2. Sorry, dog lovers! Isis the dog, after her leading role in last season’s finale, has been slightly downgraded for the third season.
3. Fellowes said the third season will be one of readjusting: “This season, in a way, is about the recovery from the war. The war brought a tremendous disruption to England,” he said. “There are chills and spills involved in that for all the characters ... some laughs and some tears. And that’s it.”
4. Coyle admitted he has broken down and taken those “What ‘Downton Abbey’ Character Are You?” quizzes that float around on Facebook. “I’m Mary,” he deadpanned. “I’m really happy about it.”
5. Look for the red ears! Joanne Froggatt revealed that she and Coyle were mid-scene when he learned of his supporting actor Emmy nomination on Thursday. During the first half of the scene — or “pre-nomination,” as Coyle clarified, he’s calm.
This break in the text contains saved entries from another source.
(* Let $n\ge 1$, let $a(x),b(x)\in R_n=\mathbb{F}_2[x]/\langle x^n-1\rangle$, and let $C=\langle a(x)+\omega b(x)\rangle\subseteq\mathbb{F}_4^n$ be the one-generator additive cyclic code they define, with $\dim_{\mathbb{F}_2}(C)=k$. Then there exists a binary quantum stabilizer code, which is a generalized bicycle code, with parameters $[[2n,\,2(n-k),\,d]]$, where $$d\ \ge\ d\big((C^R)^{\perp_s}\setminus C\big)\ \ge\ d\big((C^R)^{\perp_s}\big).$$ In particular, if $C$ is palindromic, i.e. $C=C^R$, then $d\ge d(C^{\perp_s}\setminus C)\ge d(C^{\perp_s})$.
   Context: $\mathbb{F}_4=\{0,1,\omega,\omega^2\}$ with $\omega^2=\omega+1$. Vectors of $\mathbb{F}_4^n$ are written as polynomials $\sum_{i=0}^{n-1}v_ix^i$ with $v_i\in\mathbb{F}_4$, indices modulo $n$; every such vector is uniquely $m(x)+\omega n(x)$ with $m,n\in R_n$ (binary polynomials). An additive code is an $\mathbb{F}_2$-subspace of $\mathbb{F}_4^n$; $\langle a(x)+\omega b(x)\rangle$ denotes the $\mathbb{F}_2$-span of $\{x^i(a(x)+\omega b(x)):0\le i\le n-1\}$ (products computed modulo $x^n-1$). The reciprocal code is $C^R=\langle a(x^{-1})+\omega b(x^{-1})\rangle$, where $x^{-1}=x^{n-1}$ in $R_n$. The symplectic inner product of $(a_i+\omega b_i)_i$ and $(c_i+\omega d_i)_i$ (with $a_i,b_i,c_i,d_i\in\mathbb{F}_2$) is $\sum_i (a_id_i+b_ic_i)\in\mathbb{F}_2$, and $D^{\perp_s}$ denotes the set of vectors symplectically orthogonal to all of an additive code $D$. For a set $S$ of vectors, $d(S)$ is the minimum Hamming weight (number of nonzero coordinates) of a nonzero element of $S$. A generalized bicycle (GB) code defined by $a(x),b(x)\in R_n$ is the CSS code on $2n$ qubits whose X-stabilizer group corresponds to $\{(c(x)a(x),c(x)b(x)):c\in R_n\}\subseteq\mathbb{F}_2^{2n}$ and Z-stabilizer group to $\{(c(x)b(x^{-1}),c(x)a(x^{-1})):c\in R_n\}$; an $[[N,K,D]]$ code has $N$ physical qubits, $K$ logical qubits and minimum distance $D$. *)

theory Defs
  imports Main "HOL-Library.Z2" "HOL-Library.Function_Algebras" "HOL-Library.Product_Plus"
    "HOL-Library.Extended_Nat"
begin

text \<open>Binary polynomials in R_n = F_2[x]/(x^n-1) are represented as coefficient
functions nat => bit that vanish from index n on. A vector m(x) + omega n(x) of F_4^n
is represented by the pair (m, n). A binary vector of F_2^(2n) (2n qubits, as in the
GB code definition) is likewise a pair (u, v) of length-n binary vectors.\<close>

type_synonym bpoly = "nat \<Rightarrow> bit"
type_synonym qvec = "bpoly \<times> bpoly"

definition Rn :: "nat \<Rightarrow> bpoly set" where
  "Rn n = {f. \<forall>i\<ge>n. f i = 0}"

definition cmul :: "nat \<Rightarrow> bpoly \<Rightarrow> bpoly \<Rightarrow> bpoly" where
  "cmul n f g = (\<lambda>i. if i < n then (\<Sum>j<n. f j * g ((i + n - j) mod n)) else 0)"

definition xmono :: "nat \<Rightarrow> nat \<Rightarrow> bpoly" where
  "xmono n i = (\<lambda>j. if j < n \<and> j = i mod n then 1 else 0)"

text \<open>f(x^{-1}) in R_n, with x^{-1} = x^{n-1}.\<close>
definition recip :: "nat \<Rightarrow> bpoly \<Rightarrow> bpoly" where
  "recip n f = (\<lambda>i. if i < n then f ((n - i) mod n) else 0)"

definition pscale :: "bit \<Rightarrow> qvec \<Rightarrow> qvec" where
  "pscale c p = ((\<lambda>i. c * fst p i), (\<lambda>i. c * snd p i))"

abbreviation span2 :: "qvec set \<Rightarrow> qvec set" where
  "span2 \<equiv> module.span pscale"

abbreviation dim2 :: "qvec set \<Rightarrow> nat" where
  "dim2 \<equiv> vector_space.dim pscale"

definition addcyc :: "nat \<Rightarrow> bpoly \<Rightarrow> bpoly \<Rightarrow> qvec set" where
  "addcyc n a b = span2 {(cmul n (xmono n i) a, cmul n (xmono n i) b) | i. i < n}"

definition addcyc_recip :: "nat \<Rightarrow> bpoly \<Rightarrow> bpoly \<Rightarrow> qvec set" where
  "addcyc_recip n a b = addcyc n (recip n a) (recip n b)"

definition sympl :: "nat \<Rightarrow> qvec \<Rightarrow> qvec \<Rightarrow> bit" where
  "sympl n p q = (\<Sum>i<n. fst p i * snd q i + snd p i * fst q i)"

definition F4vecs :: "nat \<Rightarrow> qvec set" where
  "F4vecs n = Rn n \<times> Rn n"

definition perp_s :: "nat \<Rightarrow> qvec set \<Rightarrow> qvec set" where
  "perp_s n D = {v \<in> F4vecs n. \<forall>w\<in>D. sympl n v w = 0}"

definition wt4 :: "nat \<Rightarrow> qvec \<Rightarrow> nat" where
  "wt4 n p = card {i. i < n \<and> (fst p i \<noteq> 0 \<or> snd p i \<noteq> 0)}"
Post-nomination, “he has very red ears,” Froggatt said. “It will be interesting to see if people spot the scene.”
6. With the arrival of Martha Levinson, we’re going to see Cora be less inhibited. “As things start to change and the plates are shifting, we’re reminded of where [Cora] comes from,” Fellowes said. “She’s much less afraid of the future than Robert is and she’s much less afraid of expressing that.”
7. Why does MacLaine think the show is a hit with viewers? “What [Fellowes] has done so brilliant is make 15 characters ... with just the right amount of time on screen, which fits with the Internet tolerance for emotional knowledge,” she said. Fellowes joked that it’s a show for people with short attention spans.
8. Cool kids! Bonneville said he knew the show was a hit when a 10- or 11-year-old “lad” in his son’s playground came up to him and declared: “I don’t like Thomas!”